WORK REQUEST
Each line from the one holding "set \<Rightarrow> (real^'n" to the last line below must be written out exactly, with no other output.

Stored data entries

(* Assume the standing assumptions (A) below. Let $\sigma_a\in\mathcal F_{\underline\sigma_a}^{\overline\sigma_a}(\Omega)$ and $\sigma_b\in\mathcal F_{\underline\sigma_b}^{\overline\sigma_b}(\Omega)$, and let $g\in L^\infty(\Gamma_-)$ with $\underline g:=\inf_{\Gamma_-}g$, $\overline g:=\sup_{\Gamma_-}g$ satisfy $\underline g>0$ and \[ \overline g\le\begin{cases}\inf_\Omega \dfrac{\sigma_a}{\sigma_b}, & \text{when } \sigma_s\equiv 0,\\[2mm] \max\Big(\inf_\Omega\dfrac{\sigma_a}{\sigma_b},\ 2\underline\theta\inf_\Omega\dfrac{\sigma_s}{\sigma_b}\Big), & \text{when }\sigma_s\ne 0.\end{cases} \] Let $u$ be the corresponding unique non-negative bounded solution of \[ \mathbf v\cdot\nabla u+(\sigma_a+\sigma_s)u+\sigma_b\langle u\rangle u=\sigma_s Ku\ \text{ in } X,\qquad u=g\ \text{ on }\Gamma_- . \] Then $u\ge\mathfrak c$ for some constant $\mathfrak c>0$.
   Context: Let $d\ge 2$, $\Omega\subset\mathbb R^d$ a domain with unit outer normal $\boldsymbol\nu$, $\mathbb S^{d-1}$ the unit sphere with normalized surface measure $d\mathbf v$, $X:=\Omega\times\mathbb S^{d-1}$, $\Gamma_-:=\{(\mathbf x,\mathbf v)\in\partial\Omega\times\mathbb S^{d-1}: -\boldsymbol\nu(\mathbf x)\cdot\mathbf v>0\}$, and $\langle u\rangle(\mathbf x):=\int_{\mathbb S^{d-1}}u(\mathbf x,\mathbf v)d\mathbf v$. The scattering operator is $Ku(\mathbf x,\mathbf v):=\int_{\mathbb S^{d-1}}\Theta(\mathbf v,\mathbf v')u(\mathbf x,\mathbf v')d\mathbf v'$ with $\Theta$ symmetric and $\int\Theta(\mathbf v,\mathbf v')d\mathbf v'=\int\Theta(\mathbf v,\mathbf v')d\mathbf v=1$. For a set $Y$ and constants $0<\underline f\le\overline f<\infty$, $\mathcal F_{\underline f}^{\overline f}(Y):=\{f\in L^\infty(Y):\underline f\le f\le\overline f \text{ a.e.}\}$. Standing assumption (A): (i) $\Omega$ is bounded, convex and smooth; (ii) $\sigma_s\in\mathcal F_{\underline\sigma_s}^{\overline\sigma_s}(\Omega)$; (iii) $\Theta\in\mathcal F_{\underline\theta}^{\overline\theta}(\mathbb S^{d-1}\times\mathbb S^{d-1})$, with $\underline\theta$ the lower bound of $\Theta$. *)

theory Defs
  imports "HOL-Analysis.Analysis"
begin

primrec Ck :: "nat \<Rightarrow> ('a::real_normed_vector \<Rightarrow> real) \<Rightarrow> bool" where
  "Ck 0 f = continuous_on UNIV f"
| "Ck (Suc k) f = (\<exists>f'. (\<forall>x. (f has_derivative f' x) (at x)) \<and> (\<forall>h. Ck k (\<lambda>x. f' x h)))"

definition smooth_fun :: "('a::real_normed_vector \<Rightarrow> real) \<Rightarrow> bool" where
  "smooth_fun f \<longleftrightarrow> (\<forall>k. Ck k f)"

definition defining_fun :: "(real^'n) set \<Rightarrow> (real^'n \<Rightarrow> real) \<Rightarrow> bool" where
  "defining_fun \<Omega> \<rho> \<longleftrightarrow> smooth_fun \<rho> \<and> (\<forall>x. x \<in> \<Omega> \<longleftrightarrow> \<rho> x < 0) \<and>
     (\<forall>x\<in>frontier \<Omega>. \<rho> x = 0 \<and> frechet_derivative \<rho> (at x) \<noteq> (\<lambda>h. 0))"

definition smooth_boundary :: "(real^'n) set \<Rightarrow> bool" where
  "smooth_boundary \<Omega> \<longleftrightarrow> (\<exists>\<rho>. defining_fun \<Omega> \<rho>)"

SOLUTION FOR THIS EXERCISE
definition defining_fun :: "(real^'n) set \<Rightarrow> (real^'n \<Rightarrow> real) \<Rightarrow> bool" where
  "defining_fun \<Omega> \<rho> \<longleftrightarrow> smooth_fun \<rho> \<and> (\<forall>x. x \<in> \<Omega> \<longleftrightarrow> \<rho> x < 0) \<and>
     (\<forall>x\<in>frontier \<Omega>. \<rho> x = 0 \<and> frechet_derivative \<rho> (at x) \<noteq> (\<lambda>h. 0))"

definition smooth_boundary :: "(real^'n) set \<Rightarrow> bool" where
  "smooth_boundary \<Omega> \<longleftrightarrow> (\<exists>\<rho>. defining_fun \<Omega> \<rho>)"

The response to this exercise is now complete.